11 U.S.C. § 1129(a) establishes conditions for the confirmation of a plan. These conditions are too numerous and detailed to be fully explained here. Parties are encouraged to seek independent legal counsel to answer any questions concerning the Chapter 11 process. Among the several conditions for confirmation of a plan under 11 U.S.C. § 1129(a) are these: 1. 2. Each class of impaired creditors and interest must accept the plan, as described in paragraph VI.B., above. Either each holder of a claim or interest in a class must accept the plan, or the plan must provide at least as much value as would be received upon liquidation under Chapter 7 of the Bankruptcy Code.
Modification The debtor reserves the right to modify or withdraw the plan at any time before confirmation.

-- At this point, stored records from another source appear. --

text \<open>In the Euclidean comparison triangle the CN inequality is an identity.\<close>
lemma CAT0_CN_inequality:
  fixes x y z :: "'a::metric_space"
  assumes cat: "CAT0 TYPE('a)" and g: "geodesic_from y z g" and t: "0 \<le> t" "t \<le> 1"
  shows "(dist x (g (t * dist y z)))\<^sup>2
    \<le> (1 - t) * (dist x y)\<^sup>2 + t * (dist x z)\<^sup>2 - t * (1 - t) * (dist y z)\<^sup>2"
proof (cases "y = z")
  case True
  moreover have "g 0 = y" using g by (simp add: geodesic_from_def)
  ultimately show ?thesis by (simp add: algebra_simps)
next
  case False
  define D where "D = dist y z"
  have "D > 0" using False by (simp add: D_def)
  obtain g1 g3 where g1: "geodesic_from x y g1" and g3: "geodesic_from z x g3"
    using CAT0_geodesic_exists[OF cat] by metis
  obtain a b c :: complex where abc: "dist a b = dist x y" "dist b c = dist y z" "dist c a = dist z x"
    using complex_triangle_exists[of "dist x y" "dist y z" "dist z x"]
    by (metis dist_commute dist_triangle zero_le_dist)
  define T where "T = tri_pairs x y z g1 g g3 a b c"
  have comparison: "\<forall>(p, p')\<in>T. \<forall>(q, q')\<in>T. dist p q \<le> dist p' q'"
    using cat g1 g g3 abc unfolding CAT0_def T_def by blast
  have "g1 0 = x" using g1 by (simp add: geodesic_from_def)
  then have "(x, a) \<in> T" unfolding T_def tri_pairs_def
    by (intro UnI1 CollectI exI[of _ 0]) (simp add: cmp_pt_def)
  moreover have "(g (t * D), cmp_pt b c D (t * D)) \<in> T"
    unfolding T_def tri_pairs_def using t \<open>D > 0\<close> by (auto simp: D_def mult_le_cancel_right1)
  ultimately have "dist x (g (t * D)) \<le> dist a (cmp_pt b c D (t * D))"
    using comparison by fastforce
  also have "\<dots> = norm ((a - b) - t *\<^sub>R (c - b))"
    using \<open>D > 0\<close> by (simp add: cmp_pt_def dist_norm scaleR_conv_of_real algebra_simps)
  finally have "(dist x (g (t * D)))\<^sup>2 \<le> (norm ((a - b) - t *\<^sub>R (c - b)))\<^sup>2"
    by (simp add: power_mono)
  also have "\<dots> = (1 - t) * (norm (a - b))\<^sup>2 + t * (norm ((a - b) - (c - b)))\<^sup>2 - t * (1 - t) * (norm (c - b))\<^sup>2"
    by (rule norm_diff_scaleR_power2)
  also have "\<dots> = (1 - t) * (dist x y)\<^sup>2 + t * (dist x z)\<^sup>2 - t * (1 - t) * (dist y z)\<^sup>2"
    using abc by (simp add: dist_norm[symmetric] dist_commute)
  finally show ?thesis by (simp add: D_def)
qed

Effect of confirmation If the plan is confirmed by the Court: 1. Its terms are binding on the debtor, all creditors, shareholders and other parties in interest, regardless of whether they have accepted the plan. 2. Except as provided in the plan and in 11 U.S.C. § 1141(d)(5): (a) In the case of a corporation that is reorganizing and continuing business: (1) All claims and interests will be discharged. (2) Creditors and shareholders will be prohibited from asserting their claims against or interest in the debtor or its assets. (b) In the case of a corporation that is liquidating and not continuing its business: (1) Claims and interests will not be discharged. (2) Creditors and shareholders will not be prohibited from asserting their claims against or interests in the debtor or its assets. (c) In the case of an individual or husband and wife: (1) Claims will be discharged, except as provided in 11 U.S.C. §§ 523 and 1141(d)(3). (2) Creditors will be prohibited from asserting their claims except as to those debts which are not discharged or dischargeable under 11 U.S.C. §§ 523 and 1141(d)(3).
See Part II-A of this Disclosure Statement to determine which of the above paragraphs applies in this case.